Agent Execution Proxy

  • POST /v1/agent-executions
  • GET /v1/agent-executions/{id}
  • Backend forwards to agent engine internal contract:
  • POST /v1/internal/agent-executions
  • GET /v1/internal/agent-executions/{id}
  • Internal calls include X-Service-Token and X-Request-Id.
  • Config:
  • AGENT_ENGINE_URL
  • AGENT_ENGINE_SERVICE_TOKEN
  • AGENT_EXECUTION_VIA_ENGINE
  • AGENT_EXECUTION_FALLBACK
  • AGENT_EXECUTION_FALLBACK=true applies only to engine transport failures and returns deterministic 503 EXEC_UPSTREAM_UNAVAILABLE; backend does not run local execution.
  • Canonical HTTP registration now resolves through backend/app/api/http/executions.py.
  • Request validation, upstream fallback mapping, and response shaping now flow through backend/app/application/execution_management_service.py.

Policy Rule Management

  • POST /v1/policy/rules (superadmin)
  • GET /v1/policy/rules (superadmin)
  • Canonical HTTP registration now resolves through backend/app/api/http/policy.py.
  • Payload validation and list/create orchestration now flow through backend/app/application/policy_management_service.py.

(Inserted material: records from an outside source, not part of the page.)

(* For $\tau$ in the upper half-plane, $\mathfrak{p}^2(\tau)\mathfrak{p}^2(2\tau)+\mathfrak{p}^2(\tau)-2\mathfrak{p}(2\tau)=0$.
   Context: $q=e^{2\pi i\tau}$, $q^r:=e^{2\pi i r\tau}$, and $\mathfrak{p}(\tau)=2q^{1/16}\prod_{n\ge1}\left(\frac{1+q^{n/2}}{1+q^{n/2-1/4}}\right)^2$ (equivalently $\mathfrak{f}_2(\tau/2)^2/\mathfrak{f}(\tau/2)^2$ with Weber–Schläfli functions $\mathfrak{f},\mathfrak{f}_2$). *)

theory Defs
  imports "HOL-Analysis.Analysis"
begin

definition qpow :: "real \<Rightarrow> complex \<Rightarrow> complex" where
  "qpow r \<tau> = exp (2 * of_real pi * \<i> * of_real r * \<tau>)"

definition pfun :: "complex \<Rightarrow> complex" where
  "pfun \<tau> = 2 * qpow (1/16) \<tau> *
     (\<Prod>m. ((1 + qpow (real (Suc m) / 2) \<tau>) /
             (1 + qpow (real (Suc m) / 2 - 1/4) \<tau>)) ^ 2)"

end

theory Submission
  imports Defs "HOL-Complex_Analysis.Complex_Analysis"
begin

text \<open>With x = q^(1/4) and w = q^(1/16) one has p(tau) = 2 w P(x) and p(2 tau) = 2 w^2 P(x^2), where
  P(x) = prod_m ((1 + x^(2m+2)) / (1 + x^(2m+1)))^2 = (E(x,x) / E(x,1))^2 for the product
  E(y,z) = prod_(n>=0) (1 + y^(2n+1) z). The Jacobi triple product
  E(y,z) E(y,1/z) = c(y) sum_(n in Z) y^(n^2) z^n, obtained by comparing Laurent coefficients
  through the quasi-periodicity of E(y,z) E(y,1/z) and Liouville's theorem, turns P into a quotient
  of theta series: P(y) = Phi(y) / (2 Theta(y)) with Theta(y) = sum y^(n^2) and
  Phi(y) = sum y^(n^2+n). Splitting Z^2 according to the parity of m + n gives the duplication
  formulas Theta(x)^2 = Theta(x^2)^2 + x Phi(x^2)^2 and Phi(x)^2 = 2 Phi(x^2) Theta(x^2), hence
  P(x)^2 (1 + 4 x P(x^2)^2) = P(x^2), which is the claimed identity divided by 4 w^2.\<close>

lemma norm_power_less_one: "norm (y::'a::real_normed_div_algebra) < 1 \<Longrightarrow> n > 0 \<Longrightarrow> norm (y^n) < 1"
  by (simp add: norm_power power_less_one_iff)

Quote and Content Endpoints

  • GET /v1/quotes/summary (admin)
  • GET /v1/quotes (admin)
  • GET /v1/quotes/{id} (admin)
  • POST /v1/quotes (admin)
  • PUT /v1/quotes/{id} (admin)
  • GET /v1/content/quote-of-the-day (public)
  • Canonical HTTP registration now resolves through backend/app/api/http/quotes.py and backend/app/api/http/content.py.
  • Quote request parsing, pagination/filter normalization, and error mapping now flow through backend/app/application/quote_management_service_app.py.
  • content remains intentionally thin and continues to delegate quote-of-the-day resolution directly to the quote service.

Canonical service notes: backend/README.md. Execution contract details: docs/services/agent_execution_contract.md.

Config Source of Truth

  • Backend config module: backend/app/config.py
  • get_auth_config() for auth + DB + service integration settings.
  • get_backend_runtime_config() for runtime-only settings used by health/voice/runtime checks.
  • Agent engine config module: agent_engine/app/config.py
  • get_config() for engine DB/runtime/service-token settings.

Owner: Backend maintainers. Update cadence: whenever API routes, contracts, or service integrations change.